lemma contains_bispindle_subdivision_subdivide_arc:
  assumes B: "contains_bispindle_subdivision V' A' k1 k2 k3" and "V' \<subseteq> V"
    and "(p, y) \<in> A" "(y, s) \<in> A"
    and A': "\<And>u w. (u, w) \<in> A' \<Longrightarrow> u \<noteq> y \<and> w \<noteq> y \<and> ((u, w) \<in> A \<or> (u = p \<and> w = s))"
  shows "contains_bispindle_subdivision V A k1 k2 k3"
proof -
  obtain x z P1 P2 P3 where xz: "x \<in> V'" "z \<in> V'" "x \<noteq> z"
    and P: "dpath A' P1 x z" "dpath A' P2 x z" "dpath A' P3 z x" "P1 \<noteq> P2"
    and len: "k1 \<le> plen P1" "k2 \<le> plen P2" "k3 \<le> plen P3"
    and disjoint: "inner P1 \<inter> inner P2 = {}" "inner P1 \<inter> inner P3 = {}" "inner P2 \<inter> inner P3 = {}"
    using B unfolding contains_bispindle_subdivision_def by blast
  have avoid: "y \<notin> set P" if path: "dpath A' P a b" "a \<noteq> b" for P a b
  proof
    assume "y \<in> set P"
    then obtain w where "adj A' y w" using dpath_vertex_on_arc[OF path] by blast
    then show False using A' unfolding adj_def by blast
  qed
  have y: "y \<notin> set P1" "y \<notin> set P2" "y \<notin> set P3"
    using avoid P(1-3) xz(3) by auto
  have arcs: "(u, w) \<in> A \<or> (u = p \<and> w = s)" if "(u, w) \<in> A'" for u w
    using A'[OF that] by blast
  define Q1 Q2 Q3 where "Q1 = subdivide p s y P1" and "Q2 = subdivide p s y P2"
    and "Q3 = subdivide p s y P3"
  have "k1 \<le> plen Q1" "k2 \<le> plen Q2" "k3 \<le> plen Q3"
    using len plen_subdivide unfolding Q1_def Q2_def Q3_def by (meson le_trans)+
  moreover have "Q1 \<noteq> Q2"
    using removeAll_subdivide[OF y(1)] removeAll_subdivide[OF y(2)] P(4)
    unfolding Q1_def Q2_def by metis
  moreover have "dpath A Q1 x z" "dpath A Q2 x z" "dpath A Q3 z x"
    unfolding Q1_def Q2_def Q3_def using P y arcs assms(3,4) by (blast intro: dpath_subdivide)+
  moreover have "P1 \<noteq> P3" "P2 \<noteq> P3" using P xz unfolding dpath_def by auto
  then have "inner Q1 \<inter> inner Q2 = {}" "inner Q1 \<inter> inner Q3 = {}" "inner Q2 \<inter> inner Q3 = {}"
    unfolding Q1_def Q2_def Q3_def
    using inner_subdivide_disjoint[OF P(1) P(2) xz(3) _ disjoint(1) P(4) y(1,2)]
      inner_subdivide_disjoint[OF P(1) P(3) xz(3) _ disjoint(2) _ y(1,3)]
      inner_subdivide_disjoint[OF P(2) P(3) xz(3) _ disjoint(3) _ y(2,3)]
    by (simp_all add: insert_commute)
  ultimately show ?thesis
    using xz \<open>V' \<subseteq> V\<close> by (intro contains_bispindle_subdivisionI[of x V z A Q1 Q2 Q3]) auto
qed
lemma tendsto_resolvent_op:
  assumes lam: "lam > 0"
  shows "(resolvent_op \<longlongrightarrow> resolvent_op lam) (at lam)"
proof -
  have "eventually (\<lambda>mu. mu > lam / 2) (at lam)"
    using lam by (intro order_tendstoD(1)[OF tendsto_ident_at]) auto
  then have "eventually (\<lambda>mu. norm (resolvent_op mu - resolvent_op lam) \<le> \<bar>mu - lam\<bar> * (2 / lam) * (1 / lam))
      (at lam)"
  proof eventually_elim
    case (elim mu)
    then have mu: "mu > 0" "1 / mu \<le> 2 / lam" using lam by (auto simp: field_simps)
    have "norm (resolvent_op mu - resolvent_op lam) = \<bar>mu - lam\<bar> * norm (resolvent_op lam o\<^sub>L resolvent_op mu)"
      unfolding resolvent_op_diff[OF lam mu(1)] by simp
    also have "\<dots> \<le> \<bar>mu - lam\<bar> * (norm (resolvent_op lam) * norm (resolvent_op mu))"
      by (intro mult_left_mono norm_blinfun_compose) auto
    also have "\<dots> \<le> \<bar>mu - lam\<bar> * ((1 / lam) * (2 / lam))"
      using lam norm_resolvent_op_le[OF lam] norm_resolvent_op_le[OF mu(1)] mu(2)
      by (intro mult_left_mono mult_mono) auto
    finally show ?case by (simp add: algebra_simps)
  qed
  moreover have "((\<lambda>mu. \<bar>mu - lam\<bar> * (2 / lam) * (1 / lam)) \<longlongrightarrow> 0) (at lam)"
    by (intro tendsto_eq_intros) auto
  ultimately have "((\<lambda>mu. resolvent_op mu - resolvent_op lam) \<longlongrightarrow> 0) (at lam)"
    by (rule Lim_null_comparison)
  then show ?thesis by (simp add: LIM_zero_iff)
qed

lemma has_vector_derivative_resolvent_op:
  assumes lam: "lam > 0"
  shows "(resolvent_op has_vector_derivative - (resolvent_op lam o\<^sub>L resolvent_op lam)) (at lam)"
proof (rule has_vector_derivative_of_slope_factorization[where g="\<lambda>mu. - (resolvent_op lam o\<^sub>L resolvent_op mu)"])
  show "eventually (\<lambda>mu. resolvent_op mu - resolvent_op lam
      = (mu - lam) *\<^sub>R - (resolvent_op lam o\<^sub>L resolvent_op mu)) (at lam)"
    using order_tendstoD(1)[OF tendsto_ident_at lam] by eventually_elim (rule resolvent_op_diff[OF lam])
  show "((\<lambda>mu. - (resolvent_op lam o\<^sub>L resolvent_op mu)) \<longlongrightarrow> - (resolvent_op lam o\<^sub>L resolvent_op lam)) (at lam)"
    by (intro tendsto_minus bounded_bilinear.tendsto[OF bounded_bilinear_blinfun_compose]
        tendsto_const tendsto_resolvent_op lam)
qed

lemma has_vector_derivative_resolvent_family:
  assumes l: "\<forall>lam>0. \<forall>mu>0. (lam - mu) *\<^sub>R resolvent T lam (l mu) = l mu - l lam"
    and lam: "lam > 0"
  shows "(l has_vector_derivative - resolvent T lam (l lam)) (at lam)"
proof -
  have "(l has_vector_derivative - blinfun_apply (resolvent_op lam) (l lam)) (at lam)"
  proof (rule has_vector_derivative_of_slope_factorization[where g="\<lambda>mu. - blinfun_apply (resolvent_op mu) (l lam)"])
    show "eventually (\<lambda>mu. l mu - l lam = (mu - lam) *\<^sub>R - blinfun_apply (resolvent_op mu) (l lam)) (at lam)"
      using order_tendstoD(1)[OF tendsto_ident_at lam]
    proof eventually_elim
      case (elim mu)
      with l lam have "(mu - lam) *\<^sub>R resolvent T mu (l lam) = l lam - l mu" by blast
      then show ?case using blinfun_apply_resolvent_op[OF elim] by simp
    qed
    show "((\<lambda>mu. - blinfun_apply (resolvent_op mu) (l lam)) \<longlongrightarrow> - blinfun_apply (resolvent_op lam) (l lam)) (at lam)"
      by (intro tendsto_minus bounded_bilinear.tendsto[OF bounded_bilinear_blinfun_apply]
          tendsto_const tendsto_resolvent_op lam)
  qed
  then show ?thesis using blinfun_apply_resolvent_op[OF lam] by simp
qed

lemma has_vector_derivative_resolvent_power_family:
  assumes l: "\<forall>lam>0. \<forall>mu>0. (lam - mu) *\<^sub>R resolvent T lam (l mu) = l mu - l lam"
    and lam: "lam > 0"
  shows "((\<lambda>mu. (blinfun_apply (resolvent_op mu) ^^ n) (l mu)) has_vector_derivative
    - (real n + 1) *\<^sub>R (blinfun_apply (resolvent_op lam) ^^ Suc n) (l lam)) (at lam)"
  using lam
proof (induction n arbitrary: lam)
  case 0
  then show ?case
    using has_vector_derivative_resolvent_family[OF l] by (simp add: blinfun_apply_resolvent_op)
next
  case (Suc n)
  let ?P = "\<lambda>n mu. (blinfun_apply (resolvent_op mu) ^^ n) (l mu)"
  have "((\<lambda>mu. blinfun_apply (resolvent_op mu) (?P n mu)) has_vector_derivative
      blinfun_apply (resolvent_op lam) (- (real n + 1) *\<^sub>R ?P (Suc n) lam)
      + blinfun_apply (- (resolvent_op lam o\<^sub>L resolvent_op lam)) (?P n lam)) (at lam)"
    by (rule bounded_bilinear.has_vector_derivative[OF bounded_bilinear_blinfun_apply
          has_vector_derivative_resolvent_op[OF Suc.prems] Suc.IH[OF Suc.prems]])
  moreover have "blinfun_apply (resolvent_op lam) (- (real n + 1) *\<^sub>R ?P (Suc n) lam)
      + blinfun_apply (- (resolvent_op lam o\<^sub>L resolvent_op lam)) (?P n lam)
    = - (real (Suc n) + 1) *\<^sub>R ?P (Suc (Suc n)) lam"
    by (simp add: blinfun.scaleR_right blinfun.minus_left blinfun.minus_right blinfun.diff_right
        blinfun.add_right algebra_simps scaleR_2)
  ultimately show ?case by simp
qed

end

theorem proposition1:
  fixes T :: "real \<Rightarrow> ('a::metric_space CS \<Rightarrow>\<^sub>L 'a CS)"
    and l :: "real \<Rightarrow> 'a CS"
  assumes "compact (UNIV :: 'a set)"
    and "feller_semigroup T"
    and "\<forall>lam>0. \<exists>e>0. \<exists>M. \<forall>mu. mu > 0 \<and> \<bar>mu - lam\<bar> < e \<longrightarrow> norm (l mu) \<le> M"
    and "\<forall>lam>0. \<forall>mu>0. (lam - mu) *\<^sub>R resolvent T lam (l mu) = l mu - l lam"
  shows "\<exists>D :: nat \<Rightarrow> real \<Rightarrow> 'a CS.
           (\<forall>lam>0. D 0 lam = l lam) \<and>
           (\<forall>n. \<forall>lam>0. (D n has_vector_derivative D (Suc n) lam) (at lam)) \<and>
           (\<forall>n\<ge>1. \<forall>lam>0. D n lam = ((-1) ^ n * fact n) *\<^sub>R ((resolvent T lam ^^ n) (l lam)))"
proof -
  interpret feller T by (rule feller.intro) (rule assms(2))
  define D where "D n mu = ((-1) ^ n * fact n) *\<^sub>R (blinfun_apply (resolvent_op mu) ^^ n) (l mu)" for n mu
  show ?thesis
  proof (intro exI[of _ D] conjI allI impI)
    fix lam :: real assume "lam > 0"
    show "D 0 lam = l lam" unfolding D_def by simp
  next
    fix n and lam :: real assume lam: "lam > 0"
    have "(D n has_vector_derivative ((-1) ^ n * fact n) *\<^sub>R
        (- (real n + 1) *\<^sub>R (blinfun_apply (resolvent_op lam) ^^ Suc n) (l lam))) (at lam)"
      unfolding D_def
      by (rule bounded_linear.has_vector_derivative[OF bounded_linear_scaleR_right
            has_vector_derivative_resolvent_power_family[OF assms(4) lam]])
    then show "(D n has_vector_derivative D (Suc n) lam) (at lam)"
      unfolding D_def by (simp add: algebra_simps)
  next
    fix n and lam :: real assume "lam > 0"
    then show "D n lam = ((-1) ^ n * fact n) *\<^sub>R (resolvent T lam ^^ n) (l lam)"
      unfolding D_def by (simp add: blinfun_apply_resolvent_op)
  qed
qed

end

——

■ **WHAT IS NEEDED**
The reply should hold only the lines of the listing above starting at the line containing "lam)) \<longlongrightarrow> 0)" and ending at the line containing "by (rule Lim_null_comparison)", exactly as written.

■ **SOLUTION FOR THIS EXERCISE**
  moreover have "((\<lambda>mu. \<bar>mu - lam\<bar> * (2 / lam) * (1 / lam)) \<longlongrightarrow> 0) (at lam)"
    by (intro tendsto_eq_intros) auto
  ultimately have "((\<lambda>mu. resolvent_op mu - resolvent_op lam) \<longlongrightarrow> 0) (at lam)"
    by (rule Lim_null_comparison)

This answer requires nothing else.